§ TASK BRIEF
Please copy exactly the lines that run from the start of the entries to the line containing "i)) - (\<Sum>i\<in>I.", inclusive.

§ Stored items from a collection
****
lemma tp_apply [simp]: "apply_bcontfun (tp y x) n = apply_bcontfun y n *\<^sub>R x"
proof -
  have "norm (apply_bcontfun y n *\<^sub>R x) \<le> norm y * norm x" for n
    using norm_bounded[of y n] by (simp add: mult_right_mono)
  then have "(\<lambda>n. apply_bcontfun y n *\<^sub>R x) \<in> bcontfun"
    by (rule bcontfun_nat_bounded)
  then show ?thesis
    unfolding tp_def by (simp add: Bcontfun_inverse)
qed

lemma tp_diff_left: "tp (y - z) x = tp y x - tp z x"
  by (rule bcontfun_eqI) (simp add: scaleR_diff_left)

lemma tp_scaleR_left: "tp (c *\<^sub>R y) x = c *\<^sub>R tp y x"
  by (rule bcontfun_eqI) simp

lemma sum_tp_diff_left:
  "(\<Sum>i\<in>I. tp (ys i) (xs i)) - (\<Sum>i\<in>I. tp (zs i) (xs i)) = (\<Sum>i\<in>I. tp (ys i - zs i) (xs i))"
  by (simp add: tp_diff_left sum_subtractf)

definition trunc :: "nat \<Rightarrow> (nat \<Rightarrow>\<^sub>C 'a::real_normed_vector) \<Rightarrow> (nat \<Rightarrow>\<^sub>C 'a)" where
  "trunc N u = Bcontfun (\<lambda>n. if n < N then apply_bcontfun u n else 0)"

definition reindex :: "(nat \<Rightarrow> nat) \<Rightarrow> (nat \<Rightarrow>\<^sub>C 'a::real_normed_vector) \<Rightarrow> (nat \<Rightarrow>\<^sub>C 'a)" where
  "reindex c u = Bcontfun (\<lambda>n. apply_bcontfun u (c n))"

lemma trunc_apply [simp]: "apply_bcontfun (trunc N u) n = (if n < N then apply_bcontfun u n else 0)"
  unfolding trunc_def by (simp add: Bcontfun_inverse bcontfun_nat_bounded[where b="norm u"] norm_bounded)

lemma reindex_apply [simp]: "apply_bcontfun (reindex c u) n = apply_bcontfun u (c n)"
  unfolding reindex_def by (simp add: Bcontfun_inverse bcontfun_nat_bounded[where b="norm u"] norm_bounded)

lemma norm_trunc_le: "norm (trunc N u) \<le> norm u"
  by (rule norm_bound) (simp add: norm_bounded)

lemma norm_reindex_le: "norm (reindex c u) \<le> norm u"
  by (rule norm_bound) (simp add: norm_bounded)

lemma trunc_add: "trunc N (u + v) = trunc N u + trunc N v"
  by (rule bcontfun_eqI) simp

lemma trunc_scaleR: "trunc N (c *\<^sub>R u) = c *\<^sub>R trunc N u"
  by (rule bcontfun_eqI) simp

lemma trunc_0_left: "trunc 0 u = 0"
  by (rule bcontfun_eqI) simp

lemma trunc_zero: "trunc N 0 = 0"
  by (rule bcontfun_eqI) simp

lemma bounded_linear_trunc: "bounded_linear (trunc N)"
  by (rule bounded_linear_intro[where K=1]) (simp_all add: trunc_add trunc_scaleR norm_trunc_le)

lemma bounded_linear_reindex: "bounded_linear (reindex c)"
  by (rule bounded_linear_intro[where K=1]) (auto intro: bcontfun_eqI simp: norm_reindex_le)

lemma trunc_tp: "trunc N (tp y x) = tp (trunc N y) x"
  by (rule bcontfun_eqI) simp

lemma trunc_sum_tp: "trunc N (\<Sum>i\<in>I. tp (ys i) (xs i)) = (\<Sum>i\<in>I. tp (trunc N (ys i)) (xs i))"
  by (simp add: linear_sum[OF bounded_linear.linear[OF bounded_linear_trunc]] trunc_tp)

lemma reindex_trunc: "(\<And>n. c n < m) \<Longrightarrow> reindex c (trunc m u) = reindex c u"
  by (rule bcontfun_eqI) simp

lemma trunc_in_c0: "trunc N y \<in> c0"
proof -
  have "eventually (\<lambda>n. apply_bcontfun (trunc N y) n = 0) sequentially"
    by (rule eventually_sequentiallyI[of N]) simp
  then show ?thesis unfolding c0_def by (simp add: tendsto_eventually)
qed

lemma subspace_c0: "subspace c0"
  unfolding subspace_def c0_def by (auto intro: tendsto_add_zero tendsto_mult_right_zero)

lemma c0_eventually_trunc_close:
  assumes "y \<in> c0" "\<delta> > 0"
  shows "eventually (\<lambda>N. norm (y - trunc N y) \<le> \<delta>) sequentially"
proof -
  obtain N0 where "\<forall>n\<ge>N0. \<bar>apply_bcontfun y n\<bar> < \<delta>"
    using LIMSEQ_D[OF assms(1)[unfolded c0_def, simplified] assms(2)] by auto
  then have "norm (y - trunc N y) \<le> \<delta>" if "N \<ge> N0" for N
    by (intro norm_bound) (use that assms(2) in \<open>auto simp: less_imp_le\<close>)
  then show ?thesis by (auto simp: eventually_sequentially)
qed

lemma reindex_approximation:
  fixes ys :: "nat \<Rightarrow> linf"
  assumes "\<delta> > 0"
  obtains c m where "\<And>n. c n < m" "\<And>i. i < k \<Longrightarrow> norm (ys i - reindex c (ys i)) \<le> \<delta>"
proof -
  define g where "g n = map (\<lambda>i. \<lfloor>apply_bcontfun (ys i) n / \<delta>\<rfloor>) [0..<k]" for n
  define F where "F = (\<Union>i<k. {\<lfloor>- norm (ys i) / \<delta>\<rfloor>..\<lfloor>norm (ys i) / \<delta>\<rfloor>})"
  have "\<lfloor>apply_bcontfun (ys i) n / \<delta>\<rfloor> \<in> F" if "i < k" for i n
  proof -
    have "\<bar>apply_bcontfun (ys i) n\<bar> \<le> norm (ys i)"
      using norm_bounded[of "ys i" n] by simp
    then have "- norm (ys i) / \<delta> \<le> apply_bcontfun (ys i) n / \<delta>"
      "apply_bcontfun (ys i) n / \<delta> \<le> norm (ys i) / \<delta>"
      using assms by (simp_all add: abs_le_iff le_divide_eq divide_le_eq)
    then show ?thesis
      unfolding F_def using that by (auto intro: floor_mono)
  qed
  then have "range g \<subseteq> {zs. set zs \<subseteq> F \<and> length zs = k}"
    unfolding g_def by auto
  moreover have "finite F"
    unfolding F_def by simp
  ultimately have "finite (range g)"
    using finite_lists_length_eq finite_subset by blast
  then obtain c m where c_less: "\<And>n. c n < m" and g_c: "\<And>n. g (c n) = g n"
    using finite_range_representatives by metis
  have "norm (ys i - reindex c (ys i)) \<le> \<delta>" if "i < k" for i
  proof (rule norm_bound)
    fix n
    have "\<lfloor>apply_bcontfun (ys i) n / \<delta>\<rfloor> = \<lfloor>apply_bcontfun (ys i) (c n) / \<delta>\<rfloor>"
      using arg_cong[OF g_c[of n], of "\<lambda>zs. zs ! i"] that by (simp add: g_def)
    then show "norm (apply_bcontfun (ys i - reindex c (ys i)) n) \<le> \<delta>"
      using abs_diff_less_of_floor_divide_eq[OF assms] by (simp add: less_imp_le)
  qed
  with c_less show ?thesis
    using that by blast
qed

definition tensor_span :: "linf set \<Rightarrow> (nat \<Rightarrow>\<^sub>C 'x::real_normed_vector) set" where
  "tensor_span S = span {tp y x | y x. y \<in> S}"

lemma c0_tensor_eq: "c0_tensor = tensor_span c0"
  by (simp add: c0_tensor_def tensor_span_def)

lemma linf_tensor_eq: "linf_tensor = tensor_span UNIV"
  by (simp add: linf_tensor_def tensor_span_def)

lemma subspace_tensor_span: "subspace (tensor_span S)"
  unfolding tensor_span_def by (rule subspace_span)

lemma tp_in_tensor_span: "y \<in> S \<Longrightarrow> tp y x \<in> tensor_span S"
  unfolding tensor_span_def by (auto intro: span_base)

lemma sum_tp_in_tensor_span:
  "(\<And>i. i \<in> I \<Longrightarrow> ys i \<in> S) \<Longrightarrow> (\<Sum>i\<in>I. tp (ys i) (xs i)) \<in> tensor_span S"
  by (intro subspace_sum[OF subspace_tensor_span] tp_in_tensor_span)

lemma tensor_span_obtain_sum_tp:
  assumes "subspace S" "u \<in> tensor_span S"
  obtains n :: nat and ys xs where "\<And>i. i < n \<Longrightarrow> ys i \<in> S" "u = (\<Sum>i<n. tp (ys i) (xs i))"
proof -
  have "\<exists>(n::nat) ys xs. (\<forall>i<n. ys i \<in> S) \<and> u = (\<Sum>i<n. tp (ys i) (xs i))"
    using assms(2) unfolding tensor_span_def
  proof (induction rule: span_induct_alt)
    case base
    show ?case by (intro exI[where x="0::nat"]) simp
  next
    case (step c z w)
    from step(1) obtain y x where "y \<in> S" "z = tp y x" by auto
    moreover from step(2) obtain n :: nat and ys xs
      where "\<forall>i<n. ys i \<in> S" "w = (\<Sum>i<n. tp (ys i) (xs i))" by blast
    ultimately have "\<forall>i<Suc n. (ys(n := c *\<^sub>R y)) i \<in> S"
        "c *\<^sub>R z + w = (\<Sum>i<Suc n. tp ((ys(n := c *\<^sub>R y)) i) ((xs(n := x)) i))"
      using subspace_scale[OF assms(1)] by (auto simp: less_Suc_eq tp_scaleR_left)
    then show ?case by blast
  qed
  then show ?thesis using that by blast
qed

lemma sum_tp_in_linf_tensor: "(\<Sum>i\<in>I. tp (ys i) (xs i)) \<in> linf_tensor"
  by (simp add: linf_tensor_eq sum_tp_in_tensor_span)

lemma linf_tensor_obtain_sum_tp:
  assumes "u \<in> linf_tensor"
  obtains n :: nat and ys xs where "u = (\<Sum>i<n. tp (ys i) (xs i))"
  using tensor_span_obtain_sum_tp[OF subspace_UNIV] assms linf_tensor_eq by metis

lemma trunc_in_c0_tensor:
  assumes "u \<in> linf_tensor"
  shows "trunc N u \<in> c0_tensor"
proof -
  obtain n :: nat and ys xs where "u = (\<Sum>i<n. tp (ys i) (xs i))"
    using linf_tensor_obtain_sum_tp[OF assms] .
  then show ?thesis
    by (simp add: trunc_sum_tp c0_tensor_eq sum_tp_in_tensor_span trunc_in_c0)
qed

lemma is_norm_onD:
  assumes "is_norm_on V N"
  shows "u \<in> V \<Longrightarrow> N u \<ge> 0" "u \<in> V \<Longrightarrow> N u = 0 \<longleftrightarrow> u = 0"
    "u \<in> V \<Longrightarrow> N (c *\<^sub>R u) = \<bar>c\<bar> * N u" "u \<in> V \<Longrightarrow> v \<in> V \<Longrightarrow> N (u + v) \<le> N u + N v"
  using assms unfolding is_norm_on_def by auto

lemma is_norm_on_zero: "is_norm_on V N \<Longrightarrow> subspace V \<Longrightarrow> N 0 = 0"
  using is_norm_onD(2) subspace_0 by blast

lemma is_norm_on_sum_le:
  assumes "is_norm_on V N" "subspace V" "finite I" "\<And>i. i \<in> I \<Longrightarrow> f i \<in> V"
  shows "N (\<Sum>i\<in>I. f i) \<le> (\<Sum>i\<in>I. N (f i))"
  using assms(3,4)
proof (induction I rule: finite_induct)
  case empty
  then show ?case using is_norm_on_zero[OF assms(1,2)] by simp
next
  case (insert i I)
  then have "N (\<Sum>j\<in>insert i I. f j) \<le> N (f i) + N (\<Sum>j\<in>I. f j)"
    by (simp add: is_norm_onD(4)[OF assms(1)] subspace_sum[OF assms(2)])
  with insert show ?case by simp
qed

lemma is_norm_on_le_add_diff:
  assumes "is_norm_on V N" "subspace V" "u \<in> V" "v \<in> V"
  shows "N u \<le> N v + N (u - v)"
  using is_norm_onD(4)[OF assms(1) assms(4) subspace_diff[OF assms(2,3,4)]] by simp
lemma lindenbaum:
  assumes "consistent S"
  obtains M where "S \<subseteq> M" and "maxcons M"
proof -
  let ?E = "{Y. S \<subseteq> Y \<and> consistent Y}"
  have "\<exists>M\<in>?E. \<forall>Y\<in>?E. M \<subseteq> Y \<longrightarrow> Y = M"
  proof (rule subset_Zorn_nonempty)
    show "?E \<noteq> {}" using assms by auto
  next
    fix C assume C: "C \<noteq> {}" "subset.chain ?E C"
    obtain Y0 where "Y0 \<in> C" using C(1) by blast
    then have "S \<subseteq> \<Union>C" using C(2) by (auto simp: subset.chain_def)
    moreover have "\<not> inconsistent (\<Union>C)"
    proof
      assume "inconsistent (\<Union>C)"
      then obtain Bs where Bs: "Bs \<noteq> []" "set Bs \<subseteq> \<Union>C" "derivable (Imp (conjs Bs) Bot)"
        by (auto simp: inconsistent_def)
      obtain Y where "Y \<in> C" "set Bs \<subseteq> Y"
        using finite_subset_Union_chain[OF _ Bs(2) C] by blast
      moreover have "consistent Y" using \<open>Y \<in> C\<close> C(2) by (auto simp: subset.chain_def)
      ultimately show False using Bs by (auto simp: consistent_def inconsistent_def)
    qed
    ultimately show "\<Union>C \<in> ?E" by (simp add: consistent_def)
  qed
  then obtain M where M: "S \<subseteq> M" "consistent M"
    "\<forall>Y. S \<subseteq> Y \<and> consistent Y \<longrightarrow> M \<subseteq> Y \<longrightarrow> Y = M"
    by auto
  then have "maxcons M" unfolding maxcons_def by blast
  with M(1) show thesis by (rule that)
qed

text \<open>Nonemptiness is not automatic: if \<open>Bot\<close> were derivable, the empty set would be
  maximal consistent.\<close>

locale mcs =
  fixes X :: "'a fm set"
  assumes maxcons: "maxcons X" and nonempty: "X \<noteq> {}"
begin

lemma not_inconsistent: "\<not> inconsistent X"
  using maxcons by (simp add: maxcons_def consistent_def)

lemma inconsistent_insert: "C \<notin> X \<Longrightarrow> inconsistent (insert C X)"
  using maxcons by (auto simp: maxcons_def consistent_def)

lemma mem_closed:
  assumes "set Bs \<subseteq> X" and "derivable (Imp (conjs Bs) C)"
  shows "C \<in> X"
proof (rule ccontr)
  assume "C \<notin> X"
  then obtain Cs where Cs: "set Cs \<subseteq> insert C X" "derivable (Imp (conjs Cs) Bot)"
    using inconsistent_insert by (auto simp: inconsistent_def)
  obtain a where "a \<in> X" using nonempty by blast
  \<comment> \<open>\<open>a\<close> keeps the list nonempty, as the definition of inconsistency requires\<close>
  define Es where "Es = a # Bs @ filter (\<lambda>x. x \<noteq> C) Cs"
  have "derivable (Imp (conjs Es) Bot)"
    using assms(2) Cs(2)
    by (intro derivable_by_tautology[of "[Imp (conjs Bs) C, Imp (conjs Cs) Bot]"])
      (auto simp: peval_conjs Es_def)
  moreover have "set Es \<subseteq> X" using \<open>a \<in> X\<close> assms(1) Cs(1) by (auto simp: Es_def)
  ultimately have "inconsistent X"
    unfolding inconsistent_def by (intro exI[of _ Es]) (simp add: Es_def)
  then show False using not_inconsistent by blast
qed

lemma mem_mp: "derivable (Imp P Q) \<Longrightarrow> P \<in> X \<Longrightarrow> Q \<in> X"
  using mem_closed[of "[P]"] by simp

lemma mem_derivable:
  assumes "derivable P"
  shows "P \<in> X"
proof -
  obtain a where "a \<in> X" using nonempty by blast
  moreover have "derivable (Imp a P)"
    using assms by (intro derivable_by_tautology[of "[P]"]) auto
  ultimately show ?thesis using mem_mp by blast
qed

lemma mem_taut:
  assumes "set Bs \<subseteq> X" and "\<And>v. \<forall>B\<in>set Bs. peval v B \<Longrightarrow> peval v C"
  shows "C \<in> X"
  using assms by (intro mem_closed derivable.TAUT) (auto simp: tautology_def peval_conjs)

lemma Bot_not_mem: "Bot \<notin> X"
proof
  assume "Bot \<in> X"
  moreover have "derivable (Imp (conjs [Bot]) Bot)"
    by (rule derivable.TAUT) (simp add: tautology_def)
  ultimately have "inconsistent X"
    unfolding inconsistent_def by (intro exI[of _ "[Bot]"]) simp
  then show False using not_inconsistent by blast
qed

lemma neg_mem_iff: "Imp A Bot \<in> X \<longleftrightarrow> A \<notin> X"
proof
  assume "Imp A Bot \<in> X"
  then show "A \<notin> X" using Bot_not_mem mem_taut[of "[Imp A Bot, A]" Bot] by auto
next
  assume "A \<notin> X"
  then obtain Cs where Cs: "set Cs \<subseteq> insert A X" "derivable (Imp (conjs Cs) Bot)"
    using inconsistent_insert by (auto simp: inconsistent_def)
  obtain a where "a \<in> X" using nonempty by blast
  define Bs where "Bs = a # filter (\<lambda>x. x \<noteq> A) Cs"
  have "derivable (Imp (conjs Bs) (Imp A Bot))"
    using Cs(2)
    by (intro derivable_by_tautology[of "[Imp (conjs Cs) Bot]"]) (auto simp: peval_conjs Bs_def)
  moreover have "set Bs \<subseteq> X" using \<open>a \<in> X\<close> Cs(1) by (auto simp: Bs_def)
  ultimately show "Imp A Bot \<in> X" using mem_closed by blast
qed

lemma And_mem_iff: "And A B \<in> X \<longleftrightarrow> A \<in> X \<and> B \<in> X"
proof
  assume "And A B \<in> X"
  then show "A \<in> X \<and> B \<in> X"
    using mem_taut[of "[And A B]" A] mem_taut[of "[And A B]" B] by auto
next
  assume "A \<in> X \<and> B \<in> X"
  then show "And A B \<in> X" using mem_taut[of "[A, B]" "And A B"] by auto
qed

lemma Or_mem_iff: "Or A B \<in> X \<longleftrightarrow> A \<in> X \<or> B \<in> X"
proof
  assume "Or A B \<in> X"
  moreover have "\<not> set [Or A B, Imp A Bot, Imp B Bot] \<subseteq> X"
    using mem_taut[of "[Or A B, Imp A Bot, Imp B Bot]" Bot] Bot_not_mem by auto
  ultimately show "A \<in> X \<or> B \<in> X" using neg_mem_iff by auto
next
  assume "A \<in> X \<or> B \<in> X"
  then show "Or A B \<in> X" using mem_taut[of "[A]" "Or A B"] mem_taut[of "[B]" "Or A B"] by auto
qed

lemma Imp_mem_iff: "Imp A B \<in> X \<longleftrightarrow> (A \<in> X \<longrightarrow> B \<in> X)"
proof
  assume "Imp A B \<in> X"
  then show "A \<in> X \<longrightarrow> B \<in> X" using mem_taut[of "[Imp A B, A]" B] by auto
next
  assume "A \<in> X \<longrightarrow> B \<in> X"
  moreover have "Imp A B \<in> X" if "Imp A Bot \<in> X"
    using that mem_taut[of "[Imp A Bot]" "Imp A B"] by auto
  moreover have "Imp A B \<in> X" if "B \<in> X"
    using that mem_taut[of "[B]" "Imp A B"] by auto
  ultimately show "Imp A B \<in> X" using neg_mem_iff by blast
qed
****
§ SOLUTION FOR THIS PROBLEM
lemma tp_apply [simp]: "apply_bcontfun (tp y x) n = apply_bcontfun y n *\<^sub>R x"
proof -
  have "norm (apply_bcontfun y n *\<^sub>R x) \<le> norm y * norm x" for n
    using norm_bounded[of y n] by (simp add: mult_right_mono)
  then have "(\<lambda>n. apply_bcontfun y n *\<^sub>R x) \<in> bcontfun"
    by (rule bcontfun_nat_bounded)
  then show ?thesis
    unfolding tp_def by (simp add: Bcontfun_inverse)
qed

lemma tp_diff_left: "tp (y - z) x = tp y x - tp z x"
  by (rule bcontfun_eqI) (simp add: scaleR_diff_left)

lemma tp_scaleR_left: "tp (c *\<^sub>R y) x = c *\<^sub>R tp y x"
  by (rule bcontfun_eqI) simp

lemma sum_tp_diff_left:
  "(\<Sum>i\<in>I. tp (ys i) (xs i)) - (\<Sum>i\<in>I. tp (zs i) (xs i)) = (\<Sum>i\<in>I. tp (ys i - zs i) (xs i))"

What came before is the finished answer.